--- START ---

text \<open>(R) reduction at a vertex u emitting exactly one edge f; the new edge [ef] is Inr e\<close>
definition R_ok :: "('v,'e) dgraph \<Rightarrow> 'v \<Rightarrow> 'e \<Rightarrow> bool" where
  "R_ok G u f \<longleftrightarrow> u \<in> gV G \<and> f \<in> gE G \<and> out_edges G u = {f} \<and> gr G f \<noteq> u \<and>
     (\<exists>v. \<forall>e\<in>in_edges G u. gs G e = v)"

definition R_move :: "('v,'e) dgraph \<Rightarrow> 'v \<Rightarrow> 'e \<Rightarrow> ('v,'e + 'e) dgraph" where
  "R_move G u f = \<lparr> gV = gV G - {u},
     gE = Inl ` {e\<in>gE G. e \<noteq> f \<and> gr G e \<noteq> u} \<union> Inr ` in_edges G u,
     gs = case_sum (gs G) (gs G),
     gr = case_sum (gr G) (\<lambda>_. gr G f) \<rparr>"

text \<open>A partition of a set X into k nonempty parts, given by an index function p
  (part i, for i < k, is {e \<in> X. p e = i}).\<close>
definition is_partition :: "'e set \<Rightarrow> nat \<Rightarrow> ('e \<Rightarrow> nat) \<Rightarrow> bool" where
  "is_partition X k p \<longleftrightarrow> (\<forall>e\<in>X. p e < k) \<and> (\<forall>i<k. \<exists>e\<in>X. p e = i)"

text \<open>(O) out-splitting at v; new vertices (v,i), i<k; other vertices w become (w,0);
  edge copies e^i are (e,i); edges not into v become (e,0).\<close>
definition O_ok :: "('v,'e) dgraph \<Rightarrow> 'v \<Rightarrow> nat \<Rightarrow> ('e \<Rightarrow> nat) \<Rightarrow> bool" where
  "O_ok G v k p \<longleftrightarrow> v \<in> gV G \<and> \<not> is_sink G v \<and> is_partition (out_edges G v) k p \<and>
     (\<forall>i<k. \<forall>i'<k. infinite {e\<in>out_edges G v. p e = i} \<and>
                   infinite {e\<in>out_edges G v. p e = i'} \<longrightarrow> i = i')"

definition O_move :: "('v,'e) dgraph \<Rightarrow> 'v \<Rightarrow> nat \<Rightarrow> ('e \<Rightarrow> nat) \<Rightarrow> ('v \<times> nat, 'e \<times> nat) dgraph" where
  "O_move G v k p = \<lparr>
     gV = {(w,0) | w. w \<in> gV G \<and> w \<noteq> v} \<union> {(v,i) | i. i < k},
     gE = {(e,i) | e i. e \<in> gE G \<and> gr G e = v \<and> i < k} \<union> {(e,0) | e. e \<in> gE G \<and> gr G e \<noteq> v},
     gs = (\<lambda>(e,i). if gs G e = v then (v, p e) else (gs G e, 0)),
     gr = (\<lambda>(e,i). if gr G e = v then (v, i) else (gr G e, 0)) \<rparr>"

definition I_ok :: "('v,'e) dgraph \<Rightarrow> 'v \<Rightarrow> nat \<Rightarrow> ('e \<Rightarrow> nat) \<Rightarrow> bool" where
  "I_ok G v k p \<longleftrightarrow> v \<in> gV G \<and> is_regular G v \<and> \<not> is_source G v \<and>
     is_partition (in_edges G v) k p"

definition I_move :: "('v,'e) dgraph \<Rightarrow> 'v \<Rightarrow> nat \<Rightarrow> ('e \<Rightarrow> nat) \<Rightarrow> ('v \<times> nat, 'e \<times> nat) dgraph" where
  "I_move G v k p = \<lparr>
     gV = {(w,0) | w. w \<in> gV G \<and> w \<noteq> v} \<union> {(v,i) | i. i < k},
     gE = {(e,i) | e i. e \<in> gE G \<and> gs G e = v \<and> i < k} \<union> {(e,0) | e. e \<in> gE G \<and> gs G e \<noteq> v},
     gs = (\<lambda>(e,i). if gs G e = v then (v, i) else (gs G e, 0)),
     gr = (\<lambda>(e,i). if gr G e = v then (v, p e) else (gr G e, 0)) \<rparr>"

text \<open>Graphs considered: vertices and edges are natural numbers (so edge sets are countable).\<close>
type_synonym ngraph = "(nat, nat) dgraph"

definition move_step :: "ngraph \<Rightarrow> ngraph \<Rightarrow> bool" where
  "move_step G H \<longleftrightarrow> wf_graph G \<and>
     ((\<exists>v. S_ok G v \<and> graph_iso (S_move G v) H) \<or>
      (\<exists>u f. R_ok G u f \<and> graph_iso (R_move G u f) H) \<or>
      (\<exists>v k p. O_ok G v k p \<and> graph_iso (O_move G v k p) H) \<or>
      (\<exists>v k p. I_ok G v k p \<and> graph_iso (I_move G v k p) H))"

definition move_eq :: "ngraph \<Rightarrow> ngraph \<Rightarrow> bool" where
  "move_eq = (sup move_step move_step\<inverse>\<inverse>)\<^sup>*\<^sup>*"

--- END ---

Required action: Whenever the string "text" shows up in a line of the records, copy that line.

The answer:
text \<open>(R) reduction at a vertex u emitting exactly one edge f; the new edge [ef] is Inr e\<close>
text \<open>A partition of a set X into k nonempty parts, given by an index function p
text \<open>(O) out-splitting at v; new vertices (v,i), i<k; other vertices w become (w,0);
text \<open>Graphs considered: vertices and edges are natural numbers (so edge sets are countable).\<close>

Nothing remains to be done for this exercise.